We believe the rule governing the sufficiency of the original notice or the need for additional notice, when changes are made by a zoning commission in a rezoning request, is set forth in 1 Anderson, American Law of Zoning, 179 (1968), as follows:

“If the change is so fundamental that it is no longer within reach of the notice of hearing, it will be necessary to publish a new notice. * * * If, however, the change is not substantial, a second hearing will be unnecessary. The problem was concisely summarized by a Florida court in the following language: 'As a general rule the notice must apprise the public of the suggested changes, and the zoning amendment must conform substantially to the proposed changes. Some deviation, however, may be immaterial where the variance is a liberalization of the proposed amendment rather than an enlarged restraint on the property involved. * * * A change may, of course, be “substantial” where an amendment makes a greater or more significant change-than that requested.’ ”

In 1 Rathkopf, The Law of Zoning and Planning, 165-6 (Supp.1972), the principle governing the sufficiency of the original notice to embrace changes made in proposals is stated as follows:

“The true test (as to adequacy of notice) is whether the notice as published fairly apprised the average citizen reading it with the general purpose of what is contemplated.
“The final form of a proposed amendment may differ from the draft submitted to the public hearing. Changes may be made in passage if they are not of fundamental character.” (Citing Leventhal v. Buehler, 346 Mass. 185, 191 N.E. 2d 128 (1963).

See also Heaton v. City of Charlotte, supra; Naylor v. Salt Lake City Corporation, 17 Utah 2d 300, 410 P.2d 764 (1966); McGee v. City of Cocoa, 168 So.2d 766 (Fla.App.1964).

Petitioner could gain no advantage, other than delay, by requiring another notice and another public hearing. It received notice and it participated in the public hearing.

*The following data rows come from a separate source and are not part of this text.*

lemma closing_has_derivative:
  assumes "sin u \<noteq> 0" "sin v \<noteq> 0"
  shows "((\<lambda>(u, v). closing u v) has_derivative
    (\<lambda>(h, k). (H * x_drift' u - 2*C * exp (-(2*C*u)) * a_of v) * h
      + (b_of' v + exp (-(2*C*u)) * a_of' v) * k)) (at (u, v))"
proof -
  have fst: "(fst has_derivative fst) (at (u, v))" and snd: "(snd has_derivative snd) (at (u, v))"
    by (simp_all add: bounded_linear_imp_has_derivative bounded_linear_fst bounded_linear_snd)
  have b: "((\<lambda>p. b_of (snd p)) has_derivative (\<lambda>p. snd p * b_of' v)) (at (u, v))"
    by (rule DERIV_compose_FDERIV[OF _ snd]) (simp add: b_of_deriv assms)
  have a: "((\<lambda>p. a_of (snd p)) has_derivative (\<lambda>p. snd p * a_of' v)) (at (u, v))"
    by (rule DERIV_compose_FDERIV[OF _ snd]) (simp add: a_of_deriv assms)
  have x: "((\<lambda>p. x_drift (fst p)) has_derivative (\<lambda>p. fst p * x_drift' u)) (at (u, v))"
    by (rule DERIV_compose_FDERIV[OF _ fst]) (simp add: x_drift_deriv assms)
  have e: "((\<lambda>p. exp (-(2*C * fst p))) has_derivative (\<lambda>p. fst p * (exp (-(2*C*u)) * (-(2*C)))))
      (at (u, v))"
    by (rule DERIV_compose_FDERIV[OF _ fst]) (auto intro!: derivative_eq_intros)
  from has_derivative_add[OF has_derivative_add[OF b has_derivative_mult[OF e a]]
      has_derivative_mult_right[OF x]]
  show ?thesis
    unfolding closing_def split_def
    by (rule has_derivative_eq_rhs) (simp add: fun_eq_iff algebra_simps)
qed

lemma isCont_b_of: "sin t \<noteq> 0 \<Longrightarrow> isCont b_of t"
  using b_of_deriv DERIV_isCont by blast

lemma isCont_b_of': "sin t \<noteq> 0 \<Longrightarrow> isCont b_of' t"
  unfolding b_of'_def by (intro continuous_intros) auto

lemma isCont_a_of: "sin t \<noteq> 0 \<Longrightarrow> isCont a_of t"
  using a_of_deriv DERIV_isCont by blast

lemma isCont_a_of': "sin t \<noteq> 0 \<Longrightarrow> isCont a_of' t"
  unfolding a_of'_def by (intro continuous_intros isCont_b_of isCont_b_of')

lemma isCont_x_drift': "sin t \<noteq> 0 \<Longrightarrow> isCont x_drift' t"
  unfolding x_drift'_def by (intro continuous_intros isCont_b_of isCont_b_of')

end

locale resonant_symmetric = resonant +
  assumes exp_C: "exp (C * (pi/2)) = 2"
    and H_eq: "H = (8 + 6*C) / (17 - 6*C)"
begin

lemma C_bounds: "3/10 < C" "C < 1"
proof -
  have C: "C = 2 * ln 2 / pi"
    using arg_cong[OF exp_C, of ln] by (simp add: field_simps)
  have "3/10 < 2 * ln 2 / (4::real)" using ln_2_gt_3_5 by simp
  also have "\<dots> < 2 * ln 2 / pi" using pi_less_4 ln_2_gt_3_5 by (intro divide_strict_left_mono) auto
  finally show "3/10 < C" by (simp add: C)
  have "2 * ln 2 / pi \<le> 2 * ln 2 / (2::real)"
    using pi_ge_two ln_2_gt_3_5 by (intro divide_left_mono) auto
  also have "\<dots> < 1" using ln_2_less_1 by simp
  finally show "C < 1" by (simp add: C)
qed

lemma H_mult: "H * (17 - 6*C) = 8 + 6*C"
  using C_bounds by (simp add: H_eq)

lemma H_pos: "0 < H"
  using C_bounds by (simp add: H_eq)

lemma exp_at_half_pi: "exp (-(C * (pi/2))) = 1/2" "exp (-(2*C * (pi/2))) = 1/4"
proof -
  show "exp (-(C * (pi/2))) = 1/2" by (simp only: exp_minus exp_C) simp
  have "exp (2*C * (pi/2)) = exp (C * (pi/2) + C * (pi/2))" by (simp add: algebra_simps)
  then have "exp (2*C * (pi/2)) = 4" by (simp only: exp_add exp_C)
  then show "exp (-(2*C * (pi/2))) = 1/4" by (simp only: exp_minus) simp
qed

lemma values_at_half_pi:
  "b_of (pi/2) = 1/2 + C" "b_of' (pi/2) = 1 - C/2" "a_of (pi/2) = 2 - C" "a_of' (pi/2) = 2*C + 1"
  "x_drift (pi/2) = 3*C/4 - 17/8" "x_drift' (pi/2) = C^2/2 - 13*C/8 - 5/4"
  by (simp only: b_of_def b_of'_def a_of_def a_of'_def x_drift_def x_drift'_def exp_C exp_at_half_pi
      sin_pi_half cos_pi_half; simp add: algebra_simps power2_eq_square)+

lemma closing_half_pi: "closing (pi/2) (pi/2) = 0"
proof -
  have "closing (pi/2) (pi/2) = 1 + 3*C/4 - H * (17 - 6*C) / 8"
    by (simp only: closing_def values_at_half_pi exp_at_half_pi) (simp add: field_simps)
  then show ?thesis by (simp add: H_mult)
qed

lemma a_of_slope_pos_at_half_pi: "0 < a_of' (pi/2) + 2*C * a_of (pi/2)"
proof -
  have "C*C < C" using C_bounds by (simp add: mult_less_cancel_left1)
  moreover have "a_of' (pi/2) + 2*C * a_of (pi/2) = 1 + 6*C - 2*(C*C)"
    by (simp add: values_at_half_pi algebra_simps)
  ultimately show ?thesis using C_bounds by linarith
qed

lemma x_drift'_neg_at_half_pi: "x_drift' (pi/2) < 0"
proof -
  have "C^2 < C" using C_bounds by (simp add: power2_eq_square mult_less_cancel_left1)
  then show ?thesis using C_bounds by (simp add: values_at_half_pi)
qed

lemma diagonal_slope_neg_at_half_pi:
  "b_of' (pi/2) + exp (-(2*C*(pi/2))) * (a_of' (pi/2) - 2*C * a_of (pi/2)) + H * x_drift' (pi/2)
    < 0" (is "?D < 0")
proof -
  have "0 < (10*C - 3) * (1 - C)" using C_bounds by (intro mult_pos_pos) auto
  then have "10*C^2 < 13*C - 3" by (simp add: algebra_simps power2_eq_square)
  then have neg: "70*C^2 - 360*C + 90 < 0" using C_bounds by linarith
  have "?D * (8 * (17 - 6*C))
      = 8 * (17 - 6*C) * ((1 - C/2) + (1/4) * ((2*C + 1) - 2*C * (2 - C)))
        + H * (17 - 6*C) * (4*C^2 - 13*C - 10)"
    by (simp only: values_at_half_pi exp_at_half_pi) (simp add: algebra_simps)
  also have "\<dots> = 70*C^2 - 360*C + 90"
    by (simp only: H_mult) (simp add: algebra_simps power2_eq_square)
  finally have "?D * (8 * (17 - 6*C)) < 0" using neg by simp
  moreover have "0 < 17 - 6*C" using C_bounds by simp
  ultimately show ?thesis by (simp add: mult_less_0_iff)
qed

lemma slopes_near_half_pi:
  obtains d where "0 < d" "\<And>y. y \<in> ball (pi/2) d \<Longrightarrow> y \<in> {0<..<pi} \<and> 0 < a_of' y + 2*C * a_of y \<and>
    x_drift' y < 0 \<and> b_of' y + exp (-(2*C*y)) * (a_of' y - 2*C * a_of y) + H * x_drift' y < 0"
proof -
  have nhds: "(f \<longlongrightarrow> f (pi/2)) (nhds (pi/2))" if "isCont f (pi/2)" for f :: "real \<Rightarrow> real"
    using isCont_tendsto_compose[OF that filterlim_ident] .
  have "\<forall>\<^sub>F y in nhds (pi/2). y \<in> {0<..<pi}"
    by (rule eventually_nhds_in_open) auto
  moreover have "\<forall>\<^sub>F y in nhds (pi/2). 0 < a_of' y + 2*C * a_of y"
    by (rule order_tendstoD(1)[OF nhds[of "\<lambda>y. a_of' y + 2*C * a_of y"] a_of_slope_pos_at_half_pi])
      (intro continuous_intros isCont_a_of isCont_a_of'; simp)
  moreover have "\<forall>\<^sub>F y in nhds (pi/2). x_drift' y < 0"
    by (rule order_tendstoD(2)[OF nhds[of x_drift'] x_drift'_neg_at_half_pi])
      (intro isCont_x_drift'; simp)
  moreover have "\<forall>\<^sub>F y in nhds (pi/2).
      b_of' y + exp (-(2*C*y)) * (a_of' y - 2*C * a_of y) + H * x_drift' y < 0"
    by (rule order_tendstoD(2)[OF nhds[of "\<lambda>y. b_of' y + exp (-(2*C*y)) * (a_of' y - 2*C * a_of y)
        + H * x_drift' y"] diagonal_slope_neg_at_half_pi])
      (intro continuous_intros isCont_a_of isCont_a_of' isCont_b_of' isCont_x_drift'; simp)
  ultimately have "\<forall>\<^sub>F y in nhds (pi/2). y \<in> {0<..<pi} \<and> 0 < a_of' y + 2*C * a_of y \<and>
      x_drift' y < 0 \<and> b_of' y + exp (-(2*C*y)) * (a_of' y - 2*C * a_of y) + H * x_drift' y < 0"
    by eventually_elim blast
  then obtain d where "0 < d" and "\<forall>y. dist y (pi/2) < d \<longrightarrow> y \<in> {0<..<pi} \<and>
      0 < a_of' y + 2*C * a_of y \<and> x_drift' y < 0 \<and>
      b_of' y + exp (-(2*C*y)) * (a_of' y - 2*C * a_of y) + H * x_drift' y < 0"
    unfolding eventually_nhds_metric by blast
  then show thesis by (intro that) (auto simp: dist_commute)
qed

lemma closing_locally_unique:
  obtains d where "0 < d"
    "\<And>s t. s \<in> ball (pi/2) d \<Longrightarrow> t \<in> ball (pi/2) d \<Longrightarrow> closing s t = 0 \<Longrightarrow> closing t s = 0 \<Longrightarrow>
      s = pi/2 \<and> t = pi/2"
proof -
  obtain d where "0 < d" and near: "\<And>y. y \<in> ball (pi/2) d \<Longrightarrow> y \<in> {0<..<pi} \<and>
      0 < a_of' y + 2*C * a_of y \<and> x_drift' y < 0 \<and>
      b_of' y + exp (-(2*C*y)) * (a_of' y - 2*C * a_of y) + H * x_drift' y < 0"
    using slopes_near_half_pi by blast
  have sin_pos: "0 < sin y" if "y \<in> ball (pi/2) d" for y
    using near[OF that] by (auto intro: sin_gt_zero)
  show thesis
  proof (rule that[OF \<open>0 < d\<close>])
    fix s t assume "s \<in> ball (pi/2) d" "t \<in> ball (pi/2) d" "closing s t = 0" "closing t s = 0"
    then show "s = pi/2 \<and> t = pi/2"
    proof (intro swapped_zeros_unique[where I = "ball (pi/2) d"
          and Eu = "\<lambda>u v. H * x_drift' u - 2*C * exp (-(2*C*u)) * a_of v"
          and Ev = "\<lambda>u v. b_of' v + exp (-(2*C*u)) * a_of' v"])
      fix u v assume u: "u \<in> ball (pi/2) d" and v: "v \<in> ball (pi/2) d"
      show "((\<lambda>(u, v). closing u v) has_derivative (\<lambda>(h, k).
          (H * x_drift' u - 2*C * exp (-(2*C*u)) * a_of v) * h
          + (b_of' v + exp (-(2*C*u)) * a_of' v) * k)) (at (u, v))"
        using closing_has_derivative sin_pos[OF u] sin_pos[OF v] by simp
      have "0 < b_of' v" using near[OF v] b_of'_pos by auto
      moreover have "0 < exp (-(2*C*u)) * (a_of' v + 2*C * a_of v)" using near[OF v] by simp
      moreover have "H * x_drift' u < 0" using near[OF u] H_pos by (simp add: mult_pos_neg)
      ultimately show
        "H * x_drift' u - 2*C * exp (-(2*C*u)) * a_of v < b_of' v + exp (-(2*C*u)) * a_of' v"
        by (simp add: algebra_simps)
    next
      fix u assume "u \<in> ball (pi/2) d"
      then show
        "H * x_drift' u - 2*C * exp (-(2*C*u)) * a_of u + (b_of' u + exp (-(2*C*u)) * a_of' u) \<noteq> 0"
        using near by (fastforce simp: algebra_simps)
    qed (use \<open>0 < d\<close> closing_half_pi in auto)
  qed
qed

It has not been legally prejudiced by the change in the zoning request and in *112the reduction of the area rezoned below that contained in the original request. It has no legal right, by reason of Intervenor’s amendment of his request and the rezoning of the lesser area, to be served with another notice and participate in another public hearing.

Petitioner also claims error on the part of the trial court in holding Petitioner es-topped from complaining about the passage of the ordinance accomplishing the rezoning of the 2.774 acre tract. It is not necessary for us to consider or decide this question, and we do not do so.

The judgment and decree should be affirmed.

It is so ordered.

McMANUS, C. J., and MONTOYA, J., concur.